> PROBLEM DESCRIPTION
Only the lines below from the one containing "S' K B)\<close>" to the one containing "qcompact_op_diff[OF qcompact_op_comp_left[OF S'(2)" should be repeated, both included and unchanged.

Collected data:
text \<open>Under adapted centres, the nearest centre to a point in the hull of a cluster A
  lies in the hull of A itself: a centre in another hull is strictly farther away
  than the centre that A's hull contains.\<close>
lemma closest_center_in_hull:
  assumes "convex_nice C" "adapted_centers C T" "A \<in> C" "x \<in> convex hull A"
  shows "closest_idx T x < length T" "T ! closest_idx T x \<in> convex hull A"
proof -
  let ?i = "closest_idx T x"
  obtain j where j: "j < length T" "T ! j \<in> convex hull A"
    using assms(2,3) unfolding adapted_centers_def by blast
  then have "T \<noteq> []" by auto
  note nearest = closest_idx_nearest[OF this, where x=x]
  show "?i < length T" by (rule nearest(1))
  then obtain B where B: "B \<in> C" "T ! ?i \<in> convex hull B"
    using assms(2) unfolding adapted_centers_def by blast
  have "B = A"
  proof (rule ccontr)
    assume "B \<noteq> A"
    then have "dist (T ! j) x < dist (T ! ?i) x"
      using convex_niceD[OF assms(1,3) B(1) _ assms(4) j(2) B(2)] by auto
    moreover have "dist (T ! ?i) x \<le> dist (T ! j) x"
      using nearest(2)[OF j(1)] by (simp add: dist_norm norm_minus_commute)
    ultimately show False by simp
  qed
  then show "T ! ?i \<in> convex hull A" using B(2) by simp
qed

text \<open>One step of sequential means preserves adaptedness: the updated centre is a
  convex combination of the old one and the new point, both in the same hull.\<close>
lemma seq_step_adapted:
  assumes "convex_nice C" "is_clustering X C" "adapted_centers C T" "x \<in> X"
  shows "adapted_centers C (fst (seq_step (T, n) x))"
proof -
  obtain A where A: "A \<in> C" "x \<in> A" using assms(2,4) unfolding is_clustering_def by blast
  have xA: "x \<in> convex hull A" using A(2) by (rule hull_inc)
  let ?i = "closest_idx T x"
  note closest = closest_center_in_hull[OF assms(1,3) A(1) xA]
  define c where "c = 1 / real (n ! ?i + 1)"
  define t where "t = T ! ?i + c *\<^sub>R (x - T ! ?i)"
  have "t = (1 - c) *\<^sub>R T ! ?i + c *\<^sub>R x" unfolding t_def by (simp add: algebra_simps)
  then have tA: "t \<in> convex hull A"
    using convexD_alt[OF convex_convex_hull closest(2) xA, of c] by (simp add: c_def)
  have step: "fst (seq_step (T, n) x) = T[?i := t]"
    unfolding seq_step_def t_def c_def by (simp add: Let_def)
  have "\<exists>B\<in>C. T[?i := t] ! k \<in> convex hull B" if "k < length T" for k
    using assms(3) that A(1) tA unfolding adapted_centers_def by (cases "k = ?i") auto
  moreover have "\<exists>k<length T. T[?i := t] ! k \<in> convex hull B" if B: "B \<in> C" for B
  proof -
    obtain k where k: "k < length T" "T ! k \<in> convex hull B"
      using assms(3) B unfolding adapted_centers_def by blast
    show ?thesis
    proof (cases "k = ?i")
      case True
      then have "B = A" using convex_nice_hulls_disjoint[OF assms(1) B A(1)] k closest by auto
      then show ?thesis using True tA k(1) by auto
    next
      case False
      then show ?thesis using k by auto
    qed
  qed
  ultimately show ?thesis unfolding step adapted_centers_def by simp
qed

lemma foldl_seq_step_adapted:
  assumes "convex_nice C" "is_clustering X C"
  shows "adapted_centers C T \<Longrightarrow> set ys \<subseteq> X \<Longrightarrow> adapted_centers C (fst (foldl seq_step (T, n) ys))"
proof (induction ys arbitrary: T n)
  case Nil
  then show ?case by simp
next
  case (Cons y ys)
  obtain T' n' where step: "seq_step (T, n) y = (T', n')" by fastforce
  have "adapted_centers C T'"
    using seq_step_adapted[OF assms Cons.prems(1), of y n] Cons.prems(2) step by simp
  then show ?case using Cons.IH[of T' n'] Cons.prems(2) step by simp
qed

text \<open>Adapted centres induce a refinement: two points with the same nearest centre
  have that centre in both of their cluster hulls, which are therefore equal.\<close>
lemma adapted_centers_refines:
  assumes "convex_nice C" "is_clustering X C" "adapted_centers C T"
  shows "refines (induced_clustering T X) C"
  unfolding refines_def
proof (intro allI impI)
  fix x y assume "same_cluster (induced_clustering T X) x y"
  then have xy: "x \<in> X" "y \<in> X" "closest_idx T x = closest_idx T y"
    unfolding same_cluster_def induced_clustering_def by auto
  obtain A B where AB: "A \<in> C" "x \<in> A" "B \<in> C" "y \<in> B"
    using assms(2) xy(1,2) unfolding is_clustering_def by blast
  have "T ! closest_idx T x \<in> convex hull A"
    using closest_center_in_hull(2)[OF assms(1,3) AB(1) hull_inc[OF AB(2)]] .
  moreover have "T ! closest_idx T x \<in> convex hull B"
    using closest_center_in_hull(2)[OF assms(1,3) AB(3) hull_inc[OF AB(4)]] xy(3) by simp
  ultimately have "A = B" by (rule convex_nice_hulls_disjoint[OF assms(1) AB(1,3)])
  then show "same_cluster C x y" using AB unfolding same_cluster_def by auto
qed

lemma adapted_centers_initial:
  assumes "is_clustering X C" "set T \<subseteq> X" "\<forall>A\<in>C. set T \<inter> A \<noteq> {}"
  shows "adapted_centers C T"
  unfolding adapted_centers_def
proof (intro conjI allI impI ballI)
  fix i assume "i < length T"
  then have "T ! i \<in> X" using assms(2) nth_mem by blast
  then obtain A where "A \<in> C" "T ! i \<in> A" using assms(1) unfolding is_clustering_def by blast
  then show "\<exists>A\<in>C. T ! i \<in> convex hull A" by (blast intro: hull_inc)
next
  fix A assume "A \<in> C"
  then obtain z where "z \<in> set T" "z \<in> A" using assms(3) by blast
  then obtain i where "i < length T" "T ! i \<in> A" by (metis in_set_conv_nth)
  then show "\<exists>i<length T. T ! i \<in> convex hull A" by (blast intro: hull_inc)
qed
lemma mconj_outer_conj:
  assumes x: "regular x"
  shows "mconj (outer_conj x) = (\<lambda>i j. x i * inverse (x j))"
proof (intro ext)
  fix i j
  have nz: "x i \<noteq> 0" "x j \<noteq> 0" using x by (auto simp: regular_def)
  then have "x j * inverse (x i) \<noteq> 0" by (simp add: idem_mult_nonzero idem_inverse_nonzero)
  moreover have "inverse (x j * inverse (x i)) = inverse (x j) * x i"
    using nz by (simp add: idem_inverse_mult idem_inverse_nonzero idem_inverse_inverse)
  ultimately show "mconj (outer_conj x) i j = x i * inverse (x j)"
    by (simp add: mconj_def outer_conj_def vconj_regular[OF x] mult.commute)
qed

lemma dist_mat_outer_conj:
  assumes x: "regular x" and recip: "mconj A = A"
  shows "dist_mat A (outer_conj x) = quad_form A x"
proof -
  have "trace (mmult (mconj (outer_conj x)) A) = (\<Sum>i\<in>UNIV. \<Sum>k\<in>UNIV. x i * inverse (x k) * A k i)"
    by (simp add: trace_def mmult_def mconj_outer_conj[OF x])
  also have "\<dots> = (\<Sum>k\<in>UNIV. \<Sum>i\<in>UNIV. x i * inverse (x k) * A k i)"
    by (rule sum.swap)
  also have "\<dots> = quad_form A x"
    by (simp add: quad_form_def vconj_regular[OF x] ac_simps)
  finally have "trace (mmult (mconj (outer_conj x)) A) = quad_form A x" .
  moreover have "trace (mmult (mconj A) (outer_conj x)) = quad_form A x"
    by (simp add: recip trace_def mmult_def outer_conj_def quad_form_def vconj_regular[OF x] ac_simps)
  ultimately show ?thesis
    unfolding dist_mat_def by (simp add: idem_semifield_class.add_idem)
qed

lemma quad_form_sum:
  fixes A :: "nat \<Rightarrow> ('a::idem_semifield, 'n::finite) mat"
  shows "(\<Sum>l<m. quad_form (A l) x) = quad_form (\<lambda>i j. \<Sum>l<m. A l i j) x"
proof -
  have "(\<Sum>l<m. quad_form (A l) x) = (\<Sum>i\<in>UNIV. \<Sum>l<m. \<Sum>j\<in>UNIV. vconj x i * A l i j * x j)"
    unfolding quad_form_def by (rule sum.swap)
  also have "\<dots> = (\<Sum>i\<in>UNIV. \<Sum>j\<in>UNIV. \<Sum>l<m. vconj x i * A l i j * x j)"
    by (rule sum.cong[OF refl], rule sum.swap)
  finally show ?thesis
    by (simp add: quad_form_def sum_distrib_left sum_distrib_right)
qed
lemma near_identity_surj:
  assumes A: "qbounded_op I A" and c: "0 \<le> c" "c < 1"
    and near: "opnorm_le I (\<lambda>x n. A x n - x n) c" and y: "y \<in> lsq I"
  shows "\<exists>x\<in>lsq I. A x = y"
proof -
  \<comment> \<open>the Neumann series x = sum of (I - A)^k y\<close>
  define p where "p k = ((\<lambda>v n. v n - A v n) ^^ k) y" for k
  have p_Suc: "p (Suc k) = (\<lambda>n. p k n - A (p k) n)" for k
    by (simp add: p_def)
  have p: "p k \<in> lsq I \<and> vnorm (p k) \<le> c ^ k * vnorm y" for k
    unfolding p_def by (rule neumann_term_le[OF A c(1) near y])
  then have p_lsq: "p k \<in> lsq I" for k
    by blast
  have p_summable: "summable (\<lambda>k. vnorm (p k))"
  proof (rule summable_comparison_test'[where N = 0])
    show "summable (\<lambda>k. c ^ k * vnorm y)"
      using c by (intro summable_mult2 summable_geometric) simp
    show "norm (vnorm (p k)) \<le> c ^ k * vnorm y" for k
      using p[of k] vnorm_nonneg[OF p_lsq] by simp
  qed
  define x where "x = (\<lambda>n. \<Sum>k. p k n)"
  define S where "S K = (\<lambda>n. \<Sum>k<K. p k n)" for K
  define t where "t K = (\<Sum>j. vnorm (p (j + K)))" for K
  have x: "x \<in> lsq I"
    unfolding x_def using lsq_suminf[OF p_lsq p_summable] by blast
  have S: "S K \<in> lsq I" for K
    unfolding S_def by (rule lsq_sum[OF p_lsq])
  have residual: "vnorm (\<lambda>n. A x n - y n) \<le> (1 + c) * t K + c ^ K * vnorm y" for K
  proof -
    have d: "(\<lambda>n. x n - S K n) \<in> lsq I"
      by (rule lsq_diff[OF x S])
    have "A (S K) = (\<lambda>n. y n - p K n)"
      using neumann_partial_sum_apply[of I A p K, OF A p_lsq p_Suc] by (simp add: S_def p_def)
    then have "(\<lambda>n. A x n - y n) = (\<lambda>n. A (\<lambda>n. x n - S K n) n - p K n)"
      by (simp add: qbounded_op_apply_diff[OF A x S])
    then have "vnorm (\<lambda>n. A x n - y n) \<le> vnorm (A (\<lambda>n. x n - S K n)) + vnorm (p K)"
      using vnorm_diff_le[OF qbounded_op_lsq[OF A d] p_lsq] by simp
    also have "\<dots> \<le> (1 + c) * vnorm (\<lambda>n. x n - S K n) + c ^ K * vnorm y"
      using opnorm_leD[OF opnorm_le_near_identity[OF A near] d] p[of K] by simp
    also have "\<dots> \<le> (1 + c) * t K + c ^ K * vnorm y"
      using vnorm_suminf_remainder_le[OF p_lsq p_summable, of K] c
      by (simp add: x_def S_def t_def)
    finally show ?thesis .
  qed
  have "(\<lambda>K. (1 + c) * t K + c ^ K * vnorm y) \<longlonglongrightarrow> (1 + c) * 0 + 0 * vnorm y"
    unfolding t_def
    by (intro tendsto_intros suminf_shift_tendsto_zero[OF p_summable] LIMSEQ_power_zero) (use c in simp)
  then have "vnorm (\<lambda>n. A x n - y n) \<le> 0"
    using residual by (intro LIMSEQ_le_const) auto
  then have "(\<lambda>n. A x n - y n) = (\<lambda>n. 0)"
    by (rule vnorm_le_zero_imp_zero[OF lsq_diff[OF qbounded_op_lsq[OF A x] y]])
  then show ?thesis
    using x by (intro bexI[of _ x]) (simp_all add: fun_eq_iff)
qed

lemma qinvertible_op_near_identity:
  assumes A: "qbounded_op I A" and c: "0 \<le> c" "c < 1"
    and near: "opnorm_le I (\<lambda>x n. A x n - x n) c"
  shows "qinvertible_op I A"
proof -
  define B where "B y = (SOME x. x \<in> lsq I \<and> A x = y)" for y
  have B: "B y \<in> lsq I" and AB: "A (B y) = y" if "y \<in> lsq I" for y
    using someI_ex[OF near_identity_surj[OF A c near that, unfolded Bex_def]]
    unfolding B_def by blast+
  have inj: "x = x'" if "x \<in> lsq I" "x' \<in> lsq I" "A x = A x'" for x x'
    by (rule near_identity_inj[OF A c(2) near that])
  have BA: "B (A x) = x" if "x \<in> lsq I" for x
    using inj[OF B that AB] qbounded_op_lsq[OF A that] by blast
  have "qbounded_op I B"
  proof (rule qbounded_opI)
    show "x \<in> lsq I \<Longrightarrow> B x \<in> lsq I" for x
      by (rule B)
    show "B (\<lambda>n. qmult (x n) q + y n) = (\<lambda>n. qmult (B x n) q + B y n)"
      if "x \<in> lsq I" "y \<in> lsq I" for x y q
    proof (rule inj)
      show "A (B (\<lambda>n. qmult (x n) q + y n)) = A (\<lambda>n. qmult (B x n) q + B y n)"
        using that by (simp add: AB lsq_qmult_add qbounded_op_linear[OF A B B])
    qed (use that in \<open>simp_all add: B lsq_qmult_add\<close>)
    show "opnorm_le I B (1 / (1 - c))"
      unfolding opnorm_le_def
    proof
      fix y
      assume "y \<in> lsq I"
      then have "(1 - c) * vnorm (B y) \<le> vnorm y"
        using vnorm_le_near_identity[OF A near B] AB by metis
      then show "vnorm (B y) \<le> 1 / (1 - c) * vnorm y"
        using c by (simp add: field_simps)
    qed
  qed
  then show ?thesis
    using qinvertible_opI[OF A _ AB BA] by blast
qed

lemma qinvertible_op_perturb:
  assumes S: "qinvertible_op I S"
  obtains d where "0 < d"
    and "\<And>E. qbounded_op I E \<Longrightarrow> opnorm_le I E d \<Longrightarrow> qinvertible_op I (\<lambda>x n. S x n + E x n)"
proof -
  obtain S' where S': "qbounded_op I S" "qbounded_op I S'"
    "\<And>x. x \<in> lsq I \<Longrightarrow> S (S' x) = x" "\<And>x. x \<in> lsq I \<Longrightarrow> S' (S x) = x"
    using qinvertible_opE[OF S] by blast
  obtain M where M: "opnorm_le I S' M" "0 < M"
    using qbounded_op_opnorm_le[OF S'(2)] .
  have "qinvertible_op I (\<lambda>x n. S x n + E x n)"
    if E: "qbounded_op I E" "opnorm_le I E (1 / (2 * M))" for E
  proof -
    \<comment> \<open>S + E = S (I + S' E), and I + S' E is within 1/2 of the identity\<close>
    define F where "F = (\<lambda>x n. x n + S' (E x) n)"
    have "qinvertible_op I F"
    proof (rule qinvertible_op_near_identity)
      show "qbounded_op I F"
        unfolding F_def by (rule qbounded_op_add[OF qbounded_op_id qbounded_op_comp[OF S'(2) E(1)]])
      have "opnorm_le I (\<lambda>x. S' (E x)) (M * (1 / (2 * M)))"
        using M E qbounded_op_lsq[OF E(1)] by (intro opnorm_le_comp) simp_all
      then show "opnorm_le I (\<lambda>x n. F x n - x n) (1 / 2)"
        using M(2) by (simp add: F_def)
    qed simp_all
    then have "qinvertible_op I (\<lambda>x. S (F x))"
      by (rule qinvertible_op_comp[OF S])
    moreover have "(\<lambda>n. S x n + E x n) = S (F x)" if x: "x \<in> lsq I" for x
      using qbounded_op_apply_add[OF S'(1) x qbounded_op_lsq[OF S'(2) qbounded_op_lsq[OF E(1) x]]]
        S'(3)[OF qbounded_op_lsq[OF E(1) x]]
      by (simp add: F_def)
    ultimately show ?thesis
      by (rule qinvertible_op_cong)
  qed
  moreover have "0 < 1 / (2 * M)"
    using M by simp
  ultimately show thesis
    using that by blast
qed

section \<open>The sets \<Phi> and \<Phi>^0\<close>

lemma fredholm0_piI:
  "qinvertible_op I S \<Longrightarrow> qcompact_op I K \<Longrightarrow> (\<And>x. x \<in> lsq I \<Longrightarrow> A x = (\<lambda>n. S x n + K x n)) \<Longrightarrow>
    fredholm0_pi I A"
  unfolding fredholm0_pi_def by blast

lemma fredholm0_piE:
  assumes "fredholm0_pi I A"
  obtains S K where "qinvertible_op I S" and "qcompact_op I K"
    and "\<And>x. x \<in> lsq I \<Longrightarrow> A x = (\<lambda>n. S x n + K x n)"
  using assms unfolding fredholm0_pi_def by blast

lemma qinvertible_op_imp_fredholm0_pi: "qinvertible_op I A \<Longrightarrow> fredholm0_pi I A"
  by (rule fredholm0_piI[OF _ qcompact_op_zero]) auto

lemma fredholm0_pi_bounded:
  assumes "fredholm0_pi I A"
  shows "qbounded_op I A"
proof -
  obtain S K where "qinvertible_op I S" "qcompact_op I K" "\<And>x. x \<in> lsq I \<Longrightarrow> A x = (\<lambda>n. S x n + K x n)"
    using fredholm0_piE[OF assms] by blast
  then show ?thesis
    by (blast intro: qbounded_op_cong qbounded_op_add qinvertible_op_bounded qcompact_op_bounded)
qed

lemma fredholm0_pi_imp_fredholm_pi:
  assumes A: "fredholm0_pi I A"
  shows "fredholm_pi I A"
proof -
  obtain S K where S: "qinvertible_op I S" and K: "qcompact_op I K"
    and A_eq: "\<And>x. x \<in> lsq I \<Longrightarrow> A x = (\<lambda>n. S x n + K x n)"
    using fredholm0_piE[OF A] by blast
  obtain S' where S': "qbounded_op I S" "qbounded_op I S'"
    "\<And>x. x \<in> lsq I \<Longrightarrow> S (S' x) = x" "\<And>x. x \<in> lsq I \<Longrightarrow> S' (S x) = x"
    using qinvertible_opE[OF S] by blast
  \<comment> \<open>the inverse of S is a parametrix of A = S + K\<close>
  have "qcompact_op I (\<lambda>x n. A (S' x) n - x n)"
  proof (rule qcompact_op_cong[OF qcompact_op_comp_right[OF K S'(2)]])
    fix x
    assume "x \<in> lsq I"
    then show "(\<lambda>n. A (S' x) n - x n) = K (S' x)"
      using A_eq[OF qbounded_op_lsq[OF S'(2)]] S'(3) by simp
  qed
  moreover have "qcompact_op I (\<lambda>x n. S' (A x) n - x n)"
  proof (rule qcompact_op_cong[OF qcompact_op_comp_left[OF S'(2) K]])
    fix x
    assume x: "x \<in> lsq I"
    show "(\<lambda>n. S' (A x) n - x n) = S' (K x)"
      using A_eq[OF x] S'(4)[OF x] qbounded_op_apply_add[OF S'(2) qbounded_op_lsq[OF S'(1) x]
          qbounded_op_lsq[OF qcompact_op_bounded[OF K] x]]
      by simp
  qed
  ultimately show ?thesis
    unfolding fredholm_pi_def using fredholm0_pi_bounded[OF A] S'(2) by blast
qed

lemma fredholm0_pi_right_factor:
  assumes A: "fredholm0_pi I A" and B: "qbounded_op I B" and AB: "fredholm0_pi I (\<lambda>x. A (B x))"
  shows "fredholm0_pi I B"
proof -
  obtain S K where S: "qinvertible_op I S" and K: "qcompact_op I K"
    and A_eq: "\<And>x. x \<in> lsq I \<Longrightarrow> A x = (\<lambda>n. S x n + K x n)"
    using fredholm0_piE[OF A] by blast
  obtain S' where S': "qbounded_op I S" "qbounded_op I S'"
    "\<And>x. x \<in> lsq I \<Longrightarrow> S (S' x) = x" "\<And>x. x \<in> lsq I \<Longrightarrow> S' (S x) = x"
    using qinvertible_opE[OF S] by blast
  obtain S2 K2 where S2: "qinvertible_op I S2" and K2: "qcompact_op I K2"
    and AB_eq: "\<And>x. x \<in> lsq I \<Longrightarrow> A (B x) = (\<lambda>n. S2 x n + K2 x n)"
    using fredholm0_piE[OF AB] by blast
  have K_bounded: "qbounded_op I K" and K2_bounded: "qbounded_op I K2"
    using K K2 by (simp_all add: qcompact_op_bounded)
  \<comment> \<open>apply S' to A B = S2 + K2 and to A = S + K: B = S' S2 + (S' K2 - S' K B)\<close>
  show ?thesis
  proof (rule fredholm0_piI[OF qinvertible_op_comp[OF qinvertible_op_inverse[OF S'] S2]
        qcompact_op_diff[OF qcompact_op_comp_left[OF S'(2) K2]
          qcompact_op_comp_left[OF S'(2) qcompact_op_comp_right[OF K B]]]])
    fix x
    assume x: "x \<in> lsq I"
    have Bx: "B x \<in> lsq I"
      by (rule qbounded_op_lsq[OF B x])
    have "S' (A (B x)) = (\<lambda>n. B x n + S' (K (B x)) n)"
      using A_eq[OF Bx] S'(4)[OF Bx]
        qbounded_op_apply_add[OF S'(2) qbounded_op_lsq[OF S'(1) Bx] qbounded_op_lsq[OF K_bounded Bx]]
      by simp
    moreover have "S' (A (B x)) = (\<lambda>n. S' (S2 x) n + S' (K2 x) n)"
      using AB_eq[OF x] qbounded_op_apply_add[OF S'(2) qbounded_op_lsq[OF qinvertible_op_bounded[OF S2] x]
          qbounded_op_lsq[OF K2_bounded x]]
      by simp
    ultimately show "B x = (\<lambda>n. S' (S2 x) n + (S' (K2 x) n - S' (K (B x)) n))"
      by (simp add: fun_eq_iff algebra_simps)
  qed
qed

> RESULT OF THE EXERCISE
  \<comment> \<open>apply S' to A B = S2 + K2 and to A = S + K: B = S' S2 + (S' K2 - S' K B)\<close>
  show ?thesis
  proof (rule fredholm0_piI[OF qinvertible_op_comp[OF qinvertible_op_inverse[OF S'] S2]
        qcompact_op_diff[OF qcompact_op_comp_left[OF S'(2) K2]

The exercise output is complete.